We can do this process by sending $l_{ij}$ units of flow along arc $(i,j)$ and then measure the incremental flow $x_{ij}^{\prime }$ along the arc $(j,i)$. We can then find $x_{ij}$ by adding $l_{ij}$ to $x_{ij}^{\prime }$.

Arc Reversal

Arc reversal can be used to remove arcs with negative costs.
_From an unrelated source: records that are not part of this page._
lemma graded_swimmer: "rft_swimmer 1 1 1 1 graded_compression (\<lambda>s t. 0) graded_drift (\<lambda>t. 0)"
  unfolding rft_swimmer_def
proof (intro conjI)
  show "\<forall>s0\<in>{0..1}. \<forall>t. 0 < 1 + 1 * graded_compression s0 t"
  proof (intro ballI allI)
    fix s0 t :: real
    assume "s0 \<in> {0..1}"
    then have "\<bar>s0 - 1/2\<bar> \<le> 1/2"
      by (simp add: abs_if)
    then have "\<bar>sin t * (s0 - 1/2)\<bar> \<le> 1 * (1/2)"
      unfolding abs_mult by (intro mult_mono abs_sin_le_one) auto
    then show "0 < 1 + 1 * graded_compression s0 t"
      by (simp add: graded_compression_def abs_le_iff)
  qed
  show "continuous_on ({0..1} \<times> UNIV) (\<lambda>(s, t). graded_compression s t)"
    unfolding graded_compression_def case_prod_beta' by (intro continuous_intros)
  show "\<exists>pt. continuous_on ({0..1} \<times> UNIV) (\<lambda>(s, t). pt s t) \<and>
      (\<forall>s0\<in>{0..1}. \<forall>t. ((\<lambda>\<tau>. graded_compression s0 \<tau>) has_real_derivative pt s0 t) (at t))"
    unfolding graded_compression_def case_prod_beta'
    by (intro exI[of _ "\<lambda>s t. cos t * (s - 1/2)"] conjI ballI allI continuous_intros)
      (auto intro!: derivative_eq_intros)
  show "\<exists>tht. continuous_on ({0..1} \<times> UNIV) (\<lambda>(s, t). tht s t) \<and>
      (\<forall>s0\<in>{0..1::real}. \<forall>t. ((\<lambda>\<tau>. 0) has_real_derivative tht s0 t) (at t))"
    by (intro exI[of _ "\<lambda>s t. 0"]) simp
  show "\<forall>t. graded_drift differentiable (at t)"
  proof
    fix t :: real
    have "(graded_drift has_vector_derivative of_real (cos t / 12)) (at t)"
      unfolding graded_drift_def
      by (rule has_vector_derivative_of_real) (auto intro!: derivative_eq_intros)
    then show "graded_drift differentiable (at t)"
      by (rule differentiableI_vector)
  qed
qed (simp_all add: graded_force_free graded_torque_free)

lemma graded_compression_has_derivative:
  "((\<lambda>\<sigma>. graded_compression \<sigma> t) has_real_derivative sin t) (at s0 within {0..1})"
  unfolding graded_compression_def by (auto intro!: derivative_eq_intros)

lemma graded_centre_geom_has_vector_derivative:
  "(centre_geom 1 1 graded_compression (\<lambda>s t. 0) graded_drift (\<lambda>t. 0)
      has_vector_derivative of_real (cos t / 12)) (at t)"
  unfolding graded_centre_geom[abs_def]
  by (rule has_vector_derivative_of_real) (auto intro!: derivative_eq_intros)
We replace the flow $x_{ij}$ with $u_{ij}-x_{ji}$ which replaces the arc $(i,j)$ with an arc $(j,i)$ whose associated cost is $-c_{ij}$. We first send $u_{ij}$ units of flow along the arc to saturate the arc, we then pull back $x_{ji}$ units of flow from $j$ to $i$. Hence we need to flip the arc direction so we can pull back flow. Consider the change to the objective function:

$$c_{ij}{x}_{ij}⟶c_{ij}{u}_{ij}-c_{ij}{x}_{ji}.$$

Thus, changing the cost $c_{ji}=-c_{ij}$ gives the result. Since $c_{ij}<0$, we now get a positive cost arc.

Removing Arc Capacities

We want to remove finite arc capacities resulting in uncapacitated arcs. Assume arc $(i,j)$ has finite capacity $u_{ij}$. We add a new node $k$ so that the capacity constraint along arc $(i,j)$ becomes the mass balance constraint of the new node, i.e.,

$$b(k)=\sum _{(\ell ,k)\in A}{x}_{\ell k}-\sum _{(k,\ell )\in A}{x}_{k\ell }=-u_{ij}.$$

We introduce a slack variable $s_{ij}\ge 0$ so that the capacity constraint $x_{ij}\le u_{ij}$ becomes $x_{ij}+s_{ij}=u_{ij}$. Note now that the flow variable $x_{ij}$ appears in three mass balance constraints: nodes $k$, $i$ and $j$. But $s_{ij}$ only appears in the mass balance constraint for node $k$. We add $u_{ij}$ from the mass balance constraint for node $j$ to get

$$\begin{array}{rl}b(j)+u_{ij}& =\sum _{(j,\ell )\in A}{x}_{j\ell }-\sum _{(\ell ,j)\in A}{x}_{\ell j}+x_{ij}+s_{ij}\\ & =\sum _{(j,\ell )\in A}{x}_{j\ell }-\sum _{(\ell ,j)\in A,\ell \ne i}{x}_{\ell j}+s_{ij}.\end{array}$$

Thus, as a result we now have an arc $(j,k)$ with flow $s_{ij}$. The resulting network is given below:

If $x_{ij}$ is the flow along $(i,j)$ in the original network, then in the transformed network the corresponding flow is $x_{ik}^{\prime }=x_{ij}$ and $x_{jk}^{\prime }=u_{ij}-x_{ij}$. Since $x_{ik}^{\prime }+x_{jk}^{\prime }=u_{ij}$, and both flows are non-negative, we get that $x_{ij}=x_{ik}^{\prime }\le u_{ij}$, i.e., the original capacity constraint still holds in the transformed network. Hence, we can solve this uncapacitated problem and we still get the correct flow $x_{ij}$.

Node Splitting

With node splitting we replace a node $i$ into two new nodes $i^{\prime }$ and $i^{\prime \prime }$ corresponding to the node’s output and input, respectively. We then add a new arc $(i^{\prime \prime },i^{\prime })$ with zero cost and infinite capacity. We replace all inarcs $(j,i)$ with arcs $(j,i^{\prime \prime })$ and all outarcs $(i,j)$ with arcs $(i^{\prime },j)$.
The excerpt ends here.